- **Exercise brief**: In the records, each line holding "meta" must be reported.

- **Records supplied**:
:::::
text \<open>Sub vs d e u v: v is the result of applying the substitute (lambda x1..xn. u),
n = length vs, to the arguments vs, where u is currently inspected below e of its own
binders; in u the index e+n-j (at local depth e) denotes x_j (innermost binder = x_n),
indices above refer to the context of the redex and are relocated below d binders of
the rule-side.  The arguments vs live at the same depth as the meta-variable
application and are shifted when placed under binders of u.\<close>
coinductive Sub :: "('f, 'v, 'm) mt list \<Rightarrow> nat \<Rightarrow> nat \<Rightarrow> ('f, 'v, 'm) mt \<Rightarrow> ('f, 'v, 'm) mt \<Rightarrow> bool"
  for vs :: "('f, 'v, 'm) mt list" and d :: nat where
  Sub_bound: "k < e \<Longrightarrow> Sub vs d e (BV k) (BV k)"
| Sub_arg: "e \<le> k \<Longrightarrow> k < e + length vs \<Longrightarrow>
     Sub vs d e (BV k) (shift 0 e (vs ! (length vs - 1 - (k - e))))"
| Sub_ctx: "e + length vs \<le> k \<Longrightarrow> Sub vs d e (BV k) (BV (k - length vs + d))"
| Sub_FV: "Sub vs d e (FV x) (FV x)"
| Sub_Ab: "Sub vs d (Suc e) u v \<Longrightarrow> Sub vs d e (Ab u) (Ab v)"
| Sub_Fn: "list_all2 (Sub vs d e) us ws \<Longrightarrow> Sub vs d e (Fn f us) (Fn f ws)"

text \<open>Inst \<sigma> d r v: v is \<sigma>(r), where r occurs below d binders of the rule side.
A valuation maps each meta-variable Z to the body u of a substitute
(lambda x1..x_(mar Z). u).\<close>
coinductive Inst :: "('m \<Rightarrow> ('f, 'v, 'm) mt) \<Rightarrow> nat \<Rightarrow> ('f, 'v, 'm) mt \<Rightarrow> ('f, 'v, 'm) mt \<Rightarrow> bool"
  for \<sigma> :: "'m \<Rightarrow> ('f, 'v, 'm) mt" where
  Inst_BV: "Inst \<sigma> d (BV k) (BV k)"
| Inst_FV: "Inst \<sigma> d (FV x) (FV x)"
| Inst_Ab: "Inst \<sigma> (Suc d) r v \<Longrightarrow> Inst \<sigma> d (Ab r) (Ab v)"
| Inst_Fn: "list_all2 (Inst \<sigma> d) rs vs \<Longrightarrow> Inst \<sigma> d (Fn f rs) (Fn f vs)"
| Inst_MV: "list_all2 (Inst \<sigma> d) rs vs \<Longrightarrow> Sub vs d 0 (\<sigma> Z) v \<Longrightarrow> Inst \<sigma> d (MV Z rs) v"

definition valuation :: "('f \<Rightarrow> nat) \<Rightarrow> ('m \<Rightarrow> nat) \<Rightarrow> ('m \<Rightarrow> ('f, 'v, 'm) mt) \<Rightarrow> bool" where
  "valuation ar mar \<sigma> \<longleftrightarrow> (\<forall>Z. is_pterm ar mar (\<sigma> Z))"

definition step :: "('f \<Rightarrow> nat) \<Rightarrow> ('m \<Rightarrow> nat) \<Rightarrow> (('f, 'v, 'm) mt \<times> ('f, 'v, 'm) mt) set \<Rightarrow>
    pos \<Rightarrow> ('f, 'v, 'm) mt \<Rightarrow> ('f, 'v, 'm) mt \<Rightarrow> bool" where
  "step ar mar R p s t \<longleftrightarrow> (\<exists>l r \<sigma> a b. (l, r) \<in> R \<and> valuation ar mar \<sigma> \<and>
      subt s p = Some a \<and> Inst \<sigma> 0 l a \<and> Inst \<sigma> 0 r b \<and> t = repl s p b)"

definition has_redex :: "('f \<Rightarrow> nat) \<Rightarrow> ('m \<Rightarrow> nat) \<Rightarrow> (('f, 'v, 'm) mt \<times> ('f, 'v, 'm) mt) set \<Rightarrow>
    ('f, 'v, 'm) mt \<Rightarrow> bool" where
  "has_redex ar mar R s \<longleftrightarrow> (\<exists>p l r \<sigma> a. (l, r) \<in> R \<and> valuation ar mar \<sigma> \<and>
      subt s p = Some a \<and> Inst \<sigma> 0 l a)"

definition normal_form :: "('f \<Rightarrow> nat) \<Rightarrow> ('m \<Rightarrow> nat) \<Rightarrow> (('f, 'v, 'm) mt \<times> ('f, 'v, 'm) mt) set \<Rightarrow>
    ('f, 'v, 'm) mt \<Rightarrow> bool" where
  "normal_form ar mar R t \<longleftrightarrow> is_term ar mar t \<and> \<not> has_redex ar mar R t"

definition collapsing_root :: "('f \<Rightarrow> nat) \<Rightarrow> ('m \<Rightarrow> nat) \<Rightarrow> (('f, 'v, 'm) mt \<times> ('f, 'v, 'm) mt) set \<Rightarrow>
    ('f, 'v, 'm) mt \<Rightarrow> bool" where
  "collapsing_root ar mar R t \<longleftrightarrow> (\<exists>l r \<sigma>. (l, r) \<in> R \<and> valuation ar mar \<sigma> \<and>
      Inst \<sigma> 0 l t \<and> (\<exists>Z rs. r = MV Z rs))"

text \<open>Agreement up to depth k (distance < 2^-(k-1)).\<close>
definition agree :: "nat \<Rightarrow> ('f, 'v, 'm) mt \<Rightarrow> ('f, 'v, 'm) mt \<Rightarrow> bool" where
  "agree k s t \<longleftrightarrow> (\<forall>q. length q < k \<longrightarrow> lab s q = lab t q)"

section \<open>Transfinite reductions (ordinals represented by well-orders on nat)\<close>

definition wlt :: "'i rel \<Rightarrow> 'i \<Rightarrow> 'i \<Rightarrow> bool" where
  "wlt W a b \<longleftrightarrow> (a, b) \<in> W \<and> a \<noteq> b"

definition is_succ :: "'i rel \<Rightarrow> 'i \<Rightarrow> 'i \<Rightarrow> bool" where
  "is_succ W a b \<longleftrightarrow> wlt W a b \<and> \<not> (\<exists>c. wlt W a c \<and> wlt W c b)"

definition is_limit :: "'i rel \<Rightarrow> 'i \<Rightarrow> bool" where
  "is_limit W g \<longleftrightarrow> g \<in> Field W \<and> (\<exists>a. wlt W a g) \<and> \<not> (\<exists>a. is_succ W a g)"

definition is_least :: "'i rel \<Rightarrow> 'i \<Rightarrow> bool" where
  "is_least W a \<longleftrightarrow> a \<in> Field W \<and> (\<forall>b \<in> Field W. (a, b) \<in> W)"

definition is_greatest :: "'i rel \<Rightarrow> 'i \<Rightarrow> bool" where
  "is_greatest W m \<longleftrightarrow> m \<in> Field W \<and> (\<forall>b \<in> Field W. (b, m) \<in> W)"

text \<open>(W, seq, ps) is a strongly convergent reduction: W well-orders the indices
(an ordinal alpha), alpha is a successor ordinal (W has a greatest element), seq b
is the term at index b, ps b the position of the redex contracted in the step from b
to its successor; at limits the terms converge and depths tend to infinity.\<close>
definition strongly_convergent ::
  "('f \<Rightarrow> nat) \<Rightarrow> ('m \<Rightarrow> nat) \<Rightarrow> (('f, 'v, 'm) mt \<times> ('f, 'v, 'm) mt) set \<Rightarrow>
    nat rel \<Rightarrow> (nat \<Rightarrow> ('f, 'v, 'm) mt) \<Rightarrow> (nat \<Rightarrow> pos) \<Rightarrow> bool" where
  "strongly_convergent ar mar R W seq ps \<longleftrightarrow>
     Well_order W \<and> (\<exists>m. is_greatest W m) \<and>
     (\<forall>b \<in> Field W. is_pterm ar mar (seq b)) \<and>
     (\<forall>a b. is_succ W a b \<longrightarrow> step ar mar R (ps a) (seq a) (seq b)) \<and>
     (\<forall>g. is_limit W g \<longrightarrow> (\<forall>k. \<exists>b0. wlt W b0 g \<and>
         (\<forall>b. (b0, b) \<in> W \<and> wlt W b g \<longrightarrow> agree k (seq b) (seq g) \<and> k \<le> length (ps b))))"

definition red :: "('f \<Rightarrow> nat) \<Rightarrow> ('m \<Rightarrow> nat) \<Rightarrow> (('f, 'v, 'm) mt \<times> ('f, 'v, 'm) mt) set \<Rightarrow>
    ('f, 'v, 'm) mt \<Rightarrow> ('f, 'v, 'm) mt \<Rightarrow> bool" where
  "red ar mar R s t \<longleftrightarrow> (\<exists>W seq ps a m. strongly_convergent ar mar R W seq ps \<and>
      is_least W a \<and> is_greatest W m \<and> seq a = s \<and> seq m = t)"

definition hypercollapsing :: "('f \<Rightarrow> nat) \<Rightarrow> ('m \<Rightarrow> nat) \<Rightarrow> (('f, 'v, 'm) mt \<times> ('f, 'v, 'm) mt) set \<Rightarrow>
    ('f, 'v, 'm) mt \<Rightarrow> bool" where
  "hypercollapsing ar mar R s \<longleftrightarrow>
     (\<forall>t. red ar mar R s t \<longrightarrow> (\<exists>t'. red ar mar R t t' \<and> collapsing_root ar mar R t'))"

definition hc_equiv :: "('f \<Rightarrow> nat) \<Rightarrow> ('m \<Rightarrow> nat) \<Rightarrow> (('f, 'v, 'm) mt \<times> ('f, 'v, 'm) mt) set \<Rightarrow>
    ('f, 'v, 'm) mt \<Rightarrow> ('f, 'v, 'm) mt \<Rightarrow> bool" where
  "hc_equiv ar mar R s t \<longleftrightarrow> (\<exists>P :: pos set.
     (\<forall>q. \<not> (\<exists>p \<in> P. \<exists>q'. q = p @ q') \<longrightarrow> lab s q = lab t q) \<and>
     (\<forall>p \<in> P. \<exists>a b. subt s p = Some a \<and> subt t p = Some b \<and>
        hypercollapsing ar mar R a \<and> hypercollapsing ar mar R b))"

definition confluent_mod_hc :: "('f \<Rightarrow> nat) \<Rightarrow> ('m \<Rightarrow> nat) \<Rightarrow> (('f, 'v, 'm) mt \<times> ('f, 'v, 'm) mt) set \<Rightarrow> bool" where
  "confluent_mod_hc ar mar R \<longleftrightarrow> (\<forall>s t s' t'.
     is_term ar mar s \<and> is_term ar mar t \<and> hc_equiv ar mar R s t \<and>
     red ar mar R s s' \<and> red ar mar R t t' \<longrightarrow>
     (\<exists>s'' t''. red ar mar R s' s'' \<and> red ar mar R t' t'' \<and> hc_equiv ar mar R s'' t''))"

definition conv :: "('f \<Rightarrow> nat) \<Rightarrow> ('m \<Rightarrow> nat) \<Rightarrow> (('f, 'v, 'm) mt \<times> ('f, 'v, 'm) mt) set \<Rightarrow>
    ('f, 'v, 'm) mt \<Rightarrow> ('f, 'v, 'm) mt \<Rightarrow> bool" where
  "conv ar mar R = (\<lambda>s t. is_term ar mar s \<and> is_term ar mar t \<and>
      (red ar mar R s t \<or> red ar mar R t s))\<^sup>*\<^sup>*"

definition NF_prop :: "('f \<Rightarrow> nat) \<Rightarrow> ('m \<Rightarrow> nat) \<Rightarrow> (('f, 'v, 'm) mt \<times> ('f, 'v, 'm) mt) set \<Rightarrow> bool" where
  "NF_prop ar mar R \<longleftrightarrow> (\<forall>s t. is_term ar mar s \<and> conv ar mar R s t \<and> normal_form ar mar R t
      \<longrightarrow> red ar mar R s t)"

definition UN_prop :: "('f \<Rightarrow> nat) \<Rightarrow> ('m \<Rightarrow> nat) \<Rightarrow> (('f, 'v, 'm) mt \<times> ('f, 'v, 'm) mt) set \<Rightarrow> bool" where
  "UN_prop ar mar R \<longleftrightarrow> (\<forall>s t. conv ar mar R s t \<and> normal_form ar mar R s \<and> normal_form ar mar R t
      \<longrightarrow> s = t)"

definition UN_red_prop :: "('f \<Rightarrow> nat) \<Rightarrow> ('m \<Rightarrow> nat) \<Rightarrow> (('f, 'v, 'm) mt \<times> ('f, 'v, 'm) mt) set \<Rightarrow> bool" where
  "UN_red_prop ar mar R \<longleftrightarrow> (\<forall>s t t'. is_term ar mar s \<and> red ar mar R s t \<and> red ar mar R s t' \<and>
      normal_form ar mar R t \<and> normal_form ar mar R t' \<longrightarrow> t = t')"

end

theory Submission
  imports Defs
begin

text \<open>A normal form has no hypercollapsing subterm: a hypercollapsing term reduces to a
  collapsing redex, while a redex-free term only reduces to itself. Hence a term that is
  hc-equivalent to a normal form is equal to it, and confluence modulo hypercollapsing
  subterms behaves like plain confluence next to normal forms. NF then follows by induction
  along the conversion: a backward step from u, where u reduces to the normal form t, is
  closed by confluence applied to u and u; a forward step needs transitivity of strongly
  convergent reductions, obtained by concatenating the two well-orders. UN and its variant
  for reducts of a common term follow from NF as in abstract rewriting.\<close>

lemma subt_append: "subt s p = Some a \<Longrightarrow> subt s (p @ q) = subt a q"
proof (induction p arbitrary: s)
  case (Cons i p)
  then show ?case by (cases s) (auto split: if_splits)
qed simp

lemma lab_append: "subt s p = Some a \<Longrightarrow> lab s (p @ q) = lab a q"
  by (simp add: lab_def subt_append)

lemma lab_simps [simp]:
  "lab t [] = Some (root_lab t)"
  "lab (Ab s) (i # q) = (if i = 0 then lab s q else None)"
  "lab (Fn f ts) (i # q) = (if i < length ts then lab (ts ! i) q else None)"
  "lab (MV Z ts) (i # q) = (if i < length ts then lab (ts ! i) q else None)"
  by (simp_all add: lab_def)

lemma list_all2_lab_eqI:
  assumes "\<And>i q. (if i < length ts then lab (ts ! i) q else None) =
                  (if i < length us then lab (us ! i) q else None)"
  shows "list_all2 (\<lambda>s t. \<forall>q. lab s q = lab t q) ts us"
proof -
  have len: "length ts = length us"
    using assms[of "length ts" "[]"] assms[of "length us" "[]"]
    by (cases "length ts < length us"; cases "length us < length ts") auto
  have "lab (ts ! i) q = lab (us ! i) q" if "i < length ts" for i q
    using assms[of i q] that len by simp
  then show ?thesis
    using len by (simp add: list_all2_conv_all_nth)
qed

lemma mt_eqI_lab:
  assumes "\<And>q. lab s q = lab t q" shows "s = t"
  using assms
proof (coinduction arbitrary: s t rule: mt.coinduct)
  case (Eq_mt s t)
  have root: "root_lab s = root_lab t" using Eq_mt[rule_format, of "[]"] by simp
  have below: "lab s (i # q) = lab t (i # q)" for i q using Eq_mt by blast
  show ?case
  proof (cases s)
    case (Ab u)
    then obtain u' where "t = Ab u'" using root by (cases t) (auto simp: root_lab_def)
    then show ?thesis using Ab below[of 0] by simp
  next
    case (Fn f ts)
    then obtain us where t: "t = Fn f us" using root by (cases t) (auto simp: root_lab_def)
    have "list_all2 (\<lambda>s t. \<forall>q. lab s q = lab t q) ts us"
      by (rule list_all2_lab_eqI) (use below Fn t in simp)
    then show ?thesis using Fn t by (auto elim: list.rel_mono_strong)
  next
    case (MV Z ts)
    then obtain us where t: "t = MV Z us" using root by (cases t) (auto simp: root_lab_def)
    have "list_all2 (\<lambda>s t. \<forall>q. lab s q = lab t q) ts us"
      by (rule list_all2_lab_eqI) (use below MV t in simp)
    then show ?thesis using MV t by (auto elim: list.rel_mono_strong)
  qed (use root in \<open>cases t; auto simp: root_lab_def\<close>)+
qed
:::::
- **Task result**:
the rule-side.  The arguments vs live at the same depth as the meta-variable
A valuation maps each meta-variable Z to the body u of a substitute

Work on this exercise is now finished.